(Saved entries)
::::

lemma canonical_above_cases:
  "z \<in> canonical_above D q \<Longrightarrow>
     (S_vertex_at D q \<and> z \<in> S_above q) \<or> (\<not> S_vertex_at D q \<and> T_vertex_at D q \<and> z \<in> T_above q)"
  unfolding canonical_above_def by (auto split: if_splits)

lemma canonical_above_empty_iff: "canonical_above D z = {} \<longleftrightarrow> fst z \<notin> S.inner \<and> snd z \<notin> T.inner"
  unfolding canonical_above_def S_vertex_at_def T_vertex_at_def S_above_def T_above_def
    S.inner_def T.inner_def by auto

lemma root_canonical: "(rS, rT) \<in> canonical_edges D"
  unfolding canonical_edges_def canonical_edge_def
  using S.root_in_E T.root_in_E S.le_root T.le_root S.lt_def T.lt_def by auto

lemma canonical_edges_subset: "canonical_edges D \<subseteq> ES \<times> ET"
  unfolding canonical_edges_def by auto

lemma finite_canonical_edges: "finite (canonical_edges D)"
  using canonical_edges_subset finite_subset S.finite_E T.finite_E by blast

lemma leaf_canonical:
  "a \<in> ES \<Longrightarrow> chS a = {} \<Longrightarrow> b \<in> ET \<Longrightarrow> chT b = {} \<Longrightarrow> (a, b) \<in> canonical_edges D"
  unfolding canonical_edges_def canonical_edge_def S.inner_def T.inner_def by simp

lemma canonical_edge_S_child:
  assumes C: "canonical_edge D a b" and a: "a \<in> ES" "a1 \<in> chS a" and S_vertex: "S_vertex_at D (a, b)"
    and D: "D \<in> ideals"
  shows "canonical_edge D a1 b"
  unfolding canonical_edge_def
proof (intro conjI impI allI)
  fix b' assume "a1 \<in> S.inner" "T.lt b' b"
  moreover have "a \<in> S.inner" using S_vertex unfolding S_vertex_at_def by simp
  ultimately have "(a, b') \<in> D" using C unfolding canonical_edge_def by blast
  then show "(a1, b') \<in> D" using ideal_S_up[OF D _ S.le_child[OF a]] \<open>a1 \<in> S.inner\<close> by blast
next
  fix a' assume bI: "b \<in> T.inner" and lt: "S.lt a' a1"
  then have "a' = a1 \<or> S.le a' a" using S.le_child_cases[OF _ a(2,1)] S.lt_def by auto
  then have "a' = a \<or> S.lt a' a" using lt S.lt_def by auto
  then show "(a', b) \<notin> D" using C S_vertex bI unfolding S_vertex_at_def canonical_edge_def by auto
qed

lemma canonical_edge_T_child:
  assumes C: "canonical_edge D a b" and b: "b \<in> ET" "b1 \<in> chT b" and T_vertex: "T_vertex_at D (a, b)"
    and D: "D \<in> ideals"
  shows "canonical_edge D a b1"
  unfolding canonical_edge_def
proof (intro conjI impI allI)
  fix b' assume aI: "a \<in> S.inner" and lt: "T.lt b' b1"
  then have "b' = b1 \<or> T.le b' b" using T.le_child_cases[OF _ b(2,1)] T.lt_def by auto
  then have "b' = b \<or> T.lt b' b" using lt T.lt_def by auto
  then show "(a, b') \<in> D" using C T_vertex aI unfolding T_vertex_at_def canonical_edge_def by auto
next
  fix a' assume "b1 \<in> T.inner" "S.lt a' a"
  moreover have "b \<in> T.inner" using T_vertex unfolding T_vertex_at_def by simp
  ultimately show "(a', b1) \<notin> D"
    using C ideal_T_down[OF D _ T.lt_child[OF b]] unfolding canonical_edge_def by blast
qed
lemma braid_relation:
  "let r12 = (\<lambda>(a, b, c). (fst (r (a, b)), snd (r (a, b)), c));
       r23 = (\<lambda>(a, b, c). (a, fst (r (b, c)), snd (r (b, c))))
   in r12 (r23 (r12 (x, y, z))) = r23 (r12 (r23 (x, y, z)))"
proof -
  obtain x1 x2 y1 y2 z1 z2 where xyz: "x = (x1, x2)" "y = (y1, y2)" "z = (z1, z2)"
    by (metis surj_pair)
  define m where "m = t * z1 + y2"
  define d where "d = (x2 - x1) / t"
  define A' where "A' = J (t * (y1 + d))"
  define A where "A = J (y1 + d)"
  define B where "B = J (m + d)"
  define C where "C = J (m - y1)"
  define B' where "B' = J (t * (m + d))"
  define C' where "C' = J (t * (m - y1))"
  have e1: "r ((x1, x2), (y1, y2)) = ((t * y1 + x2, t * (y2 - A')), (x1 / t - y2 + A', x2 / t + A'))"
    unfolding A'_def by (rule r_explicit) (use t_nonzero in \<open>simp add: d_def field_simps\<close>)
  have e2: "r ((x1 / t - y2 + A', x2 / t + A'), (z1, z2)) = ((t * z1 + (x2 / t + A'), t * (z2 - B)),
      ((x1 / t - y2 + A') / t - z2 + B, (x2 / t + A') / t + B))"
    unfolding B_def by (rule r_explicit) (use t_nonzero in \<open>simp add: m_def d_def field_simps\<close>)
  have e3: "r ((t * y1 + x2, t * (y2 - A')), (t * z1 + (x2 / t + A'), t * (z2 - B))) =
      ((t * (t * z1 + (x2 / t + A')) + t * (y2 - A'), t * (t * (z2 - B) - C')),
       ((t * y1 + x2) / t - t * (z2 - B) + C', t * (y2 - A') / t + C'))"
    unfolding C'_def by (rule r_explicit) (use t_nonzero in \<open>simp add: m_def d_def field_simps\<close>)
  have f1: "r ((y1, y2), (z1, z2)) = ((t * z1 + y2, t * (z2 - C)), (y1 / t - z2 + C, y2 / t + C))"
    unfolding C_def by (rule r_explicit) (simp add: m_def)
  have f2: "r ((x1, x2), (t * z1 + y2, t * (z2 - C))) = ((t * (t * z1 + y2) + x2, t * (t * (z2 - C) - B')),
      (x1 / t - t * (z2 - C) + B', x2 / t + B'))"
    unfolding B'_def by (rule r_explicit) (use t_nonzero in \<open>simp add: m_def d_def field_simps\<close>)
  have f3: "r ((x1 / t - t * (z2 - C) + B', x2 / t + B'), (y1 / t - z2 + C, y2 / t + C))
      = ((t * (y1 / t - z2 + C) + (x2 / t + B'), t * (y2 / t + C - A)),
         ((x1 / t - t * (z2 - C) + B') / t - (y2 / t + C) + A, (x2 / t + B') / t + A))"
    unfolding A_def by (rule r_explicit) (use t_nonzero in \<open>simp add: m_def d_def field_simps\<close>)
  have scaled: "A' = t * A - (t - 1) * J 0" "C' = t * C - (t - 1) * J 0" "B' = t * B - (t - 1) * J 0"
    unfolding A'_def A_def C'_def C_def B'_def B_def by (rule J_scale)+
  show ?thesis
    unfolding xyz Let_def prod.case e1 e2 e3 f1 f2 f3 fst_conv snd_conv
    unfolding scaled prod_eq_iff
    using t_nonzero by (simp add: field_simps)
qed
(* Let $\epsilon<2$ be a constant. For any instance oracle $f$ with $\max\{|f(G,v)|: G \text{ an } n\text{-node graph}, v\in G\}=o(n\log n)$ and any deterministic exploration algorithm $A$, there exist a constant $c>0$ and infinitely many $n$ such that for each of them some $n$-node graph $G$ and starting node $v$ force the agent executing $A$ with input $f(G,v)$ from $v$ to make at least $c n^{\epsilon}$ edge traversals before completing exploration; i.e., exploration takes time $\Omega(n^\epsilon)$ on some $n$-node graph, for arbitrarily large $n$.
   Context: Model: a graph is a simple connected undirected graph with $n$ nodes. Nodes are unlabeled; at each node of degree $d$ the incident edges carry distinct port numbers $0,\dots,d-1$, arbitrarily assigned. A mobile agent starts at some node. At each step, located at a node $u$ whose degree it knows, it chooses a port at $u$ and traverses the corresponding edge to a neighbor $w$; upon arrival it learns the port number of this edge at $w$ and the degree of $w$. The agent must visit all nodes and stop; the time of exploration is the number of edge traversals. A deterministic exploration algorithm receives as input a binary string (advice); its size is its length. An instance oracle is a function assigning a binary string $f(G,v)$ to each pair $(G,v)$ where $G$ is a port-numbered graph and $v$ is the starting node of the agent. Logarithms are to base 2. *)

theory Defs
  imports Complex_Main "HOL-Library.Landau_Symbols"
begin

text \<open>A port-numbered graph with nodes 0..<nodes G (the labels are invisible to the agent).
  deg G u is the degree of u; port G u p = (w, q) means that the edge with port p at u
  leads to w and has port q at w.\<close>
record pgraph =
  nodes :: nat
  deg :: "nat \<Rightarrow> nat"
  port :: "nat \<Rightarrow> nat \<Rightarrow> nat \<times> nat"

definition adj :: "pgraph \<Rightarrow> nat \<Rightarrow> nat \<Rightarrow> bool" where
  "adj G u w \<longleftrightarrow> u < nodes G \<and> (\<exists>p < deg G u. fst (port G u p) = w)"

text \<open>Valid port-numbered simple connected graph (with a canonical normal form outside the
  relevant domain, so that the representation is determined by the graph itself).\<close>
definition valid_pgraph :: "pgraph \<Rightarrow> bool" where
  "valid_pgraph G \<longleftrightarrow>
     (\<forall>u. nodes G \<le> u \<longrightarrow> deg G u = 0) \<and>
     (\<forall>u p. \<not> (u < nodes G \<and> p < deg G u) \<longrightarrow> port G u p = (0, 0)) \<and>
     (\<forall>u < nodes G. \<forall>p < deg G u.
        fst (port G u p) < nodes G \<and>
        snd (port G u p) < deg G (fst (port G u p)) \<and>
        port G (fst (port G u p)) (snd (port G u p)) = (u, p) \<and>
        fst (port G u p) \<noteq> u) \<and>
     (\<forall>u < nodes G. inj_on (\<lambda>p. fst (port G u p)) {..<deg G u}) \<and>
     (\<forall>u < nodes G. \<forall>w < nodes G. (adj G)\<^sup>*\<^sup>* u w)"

::::

## Assignment
Write out exactly the lines that fall from the line with "text \<open>Valid port-numbered" to the line with "fst (port G u p) < nodes G \<and>" in the records above, keeping both ends.

## Response area
text \<open>Valid port-numbered simple connected graph (with a canonical normal form outside the
  relevant domain, so that the representation is determined by the graph itself).\<close>
definition valid_pgraph :: "pgraph \<Rightarrow> bool" where
  "valid_pgraph G \<longleftrightarrow>
     (\<forall>u. nodes G \<le> u \<longrightarrow> deg G u = 0) \<and>
     (\<forall>u p. \<not> (u < nodes G \<and> p < deg G u) \<longrightarrow> port G u p = (0, 0)) \<and>
     (\<forall>u < nodes G. \<forall>p < deg G u.
        fst (port G u p) < nodes G \<and>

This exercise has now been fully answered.